[[ GIVEN INFORMATION, beginning ]]

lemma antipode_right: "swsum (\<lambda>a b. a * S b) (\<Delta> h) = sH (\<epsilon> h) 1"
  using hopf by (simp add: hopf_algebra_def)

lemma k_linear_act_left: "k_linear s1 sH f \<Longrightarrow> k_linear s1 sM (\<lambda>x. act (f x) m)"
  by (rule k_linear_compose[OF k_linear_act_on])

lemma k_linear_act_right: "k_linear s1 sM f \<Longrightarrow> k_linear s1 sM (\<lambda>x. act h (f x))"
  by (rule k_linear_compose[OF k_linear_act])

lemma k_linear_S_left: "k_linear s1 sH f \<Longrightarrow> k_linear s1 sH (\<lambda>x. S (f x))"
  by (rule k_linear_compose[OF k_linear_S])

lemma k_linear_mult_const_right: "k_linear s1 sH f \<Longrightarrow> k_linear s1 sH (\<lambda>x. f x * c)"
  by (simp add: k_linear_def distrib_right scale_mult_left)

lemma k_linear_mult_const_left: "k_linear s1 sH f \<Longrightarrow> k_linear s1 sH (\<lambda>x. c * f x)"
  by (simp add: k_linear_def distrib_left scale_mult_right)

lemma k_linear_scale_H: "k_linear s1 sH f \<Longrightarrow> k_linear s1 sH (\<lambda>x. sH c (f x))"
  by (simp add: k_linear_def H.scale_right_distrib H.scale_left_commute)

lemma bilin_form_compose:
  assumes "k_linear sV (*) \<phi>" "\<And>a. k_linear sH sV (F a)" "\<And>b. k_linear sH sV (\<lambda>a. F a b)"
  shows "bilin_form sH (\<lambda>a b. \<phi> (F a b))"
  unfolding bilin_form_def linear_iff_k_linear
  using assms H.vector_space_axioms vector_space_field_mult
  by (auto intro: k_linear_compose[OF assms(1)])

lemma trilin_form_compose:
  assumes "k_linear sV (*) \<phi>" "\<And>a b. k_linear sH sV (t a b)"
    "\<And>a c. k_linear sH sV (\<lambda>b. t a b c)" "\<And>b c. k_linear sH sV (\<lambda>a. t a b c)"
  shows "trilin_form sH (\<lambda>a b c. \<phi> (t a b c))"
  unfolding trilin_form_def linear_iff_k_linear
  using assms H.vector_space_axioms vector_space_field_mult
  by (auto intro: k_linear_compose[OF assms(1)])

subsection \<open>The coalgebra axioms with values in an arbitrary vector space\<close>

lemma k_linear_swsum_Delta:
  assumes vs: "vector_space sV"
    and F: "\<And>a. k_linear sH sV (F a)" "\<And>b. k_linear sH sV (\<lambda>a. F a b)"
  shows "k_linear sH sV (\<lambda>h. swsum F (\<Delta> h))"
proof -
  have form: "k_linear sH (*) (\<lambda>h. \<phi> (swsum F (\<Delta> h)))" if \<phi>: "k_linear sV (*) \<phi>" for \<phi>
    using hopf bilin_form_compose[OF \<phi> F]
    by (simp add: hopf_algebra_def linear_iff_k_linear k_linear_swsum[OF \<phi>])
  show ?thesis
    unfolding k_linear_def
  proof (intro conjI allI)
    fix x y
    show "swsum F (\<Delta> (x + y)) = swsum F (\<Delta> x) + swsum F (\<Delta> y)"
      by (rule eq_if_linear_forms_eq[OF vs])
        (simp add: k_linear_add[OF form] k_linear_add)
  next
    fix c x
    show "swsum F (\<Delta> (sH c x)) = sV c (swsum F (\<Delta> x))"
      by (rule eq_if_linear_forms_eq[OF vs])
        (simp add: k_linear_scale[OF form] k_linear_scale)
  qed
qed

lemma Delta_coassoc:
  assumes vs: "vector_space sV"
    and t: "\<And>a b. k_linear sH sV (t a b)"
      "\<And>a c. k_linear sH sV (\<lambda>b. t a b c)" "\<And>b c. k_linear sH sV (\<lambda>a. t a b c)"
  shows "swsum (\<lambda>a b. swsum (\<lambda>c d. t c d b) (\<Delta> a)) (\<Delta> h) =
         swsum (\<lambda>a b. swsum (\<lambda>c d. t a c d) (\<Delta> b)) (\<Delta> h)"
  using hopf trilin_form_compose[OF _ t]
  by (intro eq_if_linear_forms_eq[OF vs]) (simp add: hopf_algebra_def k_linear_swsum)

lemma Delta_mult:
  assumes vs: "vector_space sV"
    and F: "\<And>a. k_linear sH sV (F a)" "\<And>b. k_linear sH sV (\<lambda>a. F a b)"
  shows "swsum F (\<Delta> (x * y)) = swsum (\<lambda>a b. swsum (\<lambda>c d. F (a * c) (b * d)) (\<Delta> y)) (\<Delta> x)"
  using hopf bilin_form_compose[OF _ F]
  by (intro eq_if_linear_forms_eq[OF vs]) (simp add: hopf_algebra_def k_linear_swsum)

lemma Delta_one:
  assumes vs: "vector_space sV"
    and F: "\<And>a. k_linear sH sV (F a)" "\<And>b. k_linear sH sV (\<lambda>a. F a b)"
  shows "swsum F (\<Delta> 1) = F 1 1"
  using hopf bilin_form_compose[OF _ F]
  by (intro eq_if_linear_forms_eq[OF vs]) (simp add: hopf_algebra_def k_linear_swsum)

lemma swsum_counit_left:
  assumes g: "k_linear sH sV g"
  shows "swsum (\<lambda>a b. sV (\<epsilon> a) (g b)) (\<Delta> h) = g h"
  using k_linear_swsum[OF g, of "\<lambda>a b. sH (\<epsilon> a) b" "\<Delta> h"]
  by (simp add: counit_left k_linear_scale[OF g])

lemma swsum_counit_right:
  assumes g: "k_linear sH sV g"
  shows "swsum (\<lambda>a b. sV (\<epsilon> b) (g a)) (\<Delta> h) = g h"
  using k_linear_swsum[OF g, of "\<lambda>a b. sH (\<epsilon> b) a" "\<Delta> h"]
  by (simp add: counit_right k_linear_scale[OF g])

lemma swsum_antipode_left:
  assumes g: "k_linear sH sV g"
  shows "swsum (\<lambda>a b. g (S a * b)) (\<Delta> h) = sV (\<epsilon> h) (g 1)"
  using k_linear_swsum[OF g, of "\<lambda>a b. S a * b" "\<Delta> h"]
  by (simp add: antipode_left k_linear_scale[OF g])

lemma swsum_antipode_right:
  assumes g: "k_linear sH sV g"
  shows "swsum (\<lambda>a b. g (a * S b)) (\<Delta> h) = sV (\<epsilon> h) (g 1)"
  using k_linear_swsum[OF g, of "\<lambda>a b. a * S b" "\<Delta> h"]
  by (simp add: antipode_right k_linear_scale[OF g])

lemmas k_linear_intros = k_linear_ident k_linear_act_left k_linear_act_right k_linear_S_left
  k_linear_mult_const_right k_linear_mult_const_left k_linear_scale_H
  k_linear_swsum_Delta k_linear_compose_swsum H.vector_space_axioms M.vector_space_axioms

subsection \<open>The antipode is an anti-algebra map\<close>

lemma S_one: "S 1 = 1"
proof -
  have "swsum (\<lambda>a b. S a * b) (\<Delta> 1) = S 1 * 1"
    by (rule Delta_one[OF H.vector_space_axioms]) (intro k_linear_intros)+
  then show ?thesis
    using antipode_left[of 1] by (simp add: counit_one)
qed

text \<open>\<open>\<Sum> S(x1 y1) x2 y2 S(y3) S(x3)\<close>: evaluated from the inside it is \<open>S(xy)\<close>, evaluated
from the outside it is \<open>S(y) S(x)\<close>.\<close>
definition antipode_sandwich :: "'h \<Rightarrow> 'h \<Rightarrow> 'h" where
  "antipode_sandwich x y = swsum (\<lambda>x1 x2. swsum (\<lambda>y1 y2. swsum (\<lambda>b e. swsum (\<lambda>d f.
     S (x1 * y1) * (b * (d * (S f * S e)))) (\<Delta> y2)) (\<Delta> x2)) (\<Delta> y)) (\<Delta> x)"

[[ GIVEN INFORMATION, end ]]

### [TASK DETAILS]
From the entries, copy every line in which the word "rule" occurs.

### [ANSWER SECTION]
  by (rule k_linear_compose[OF k_linear_act_on])
  by (rule k_linear_compose[OF k_linear_act])
  by (rule k_linear_compose[OF k_linear_S])
      by (rule eq_if_linear_forms_eq[OF vs])
      by (rule eq_if_linear_forms_eq[OF vs])
    by (rule Delta_one[OF H.vector_space_axioms]) (intro k_linear_intros)+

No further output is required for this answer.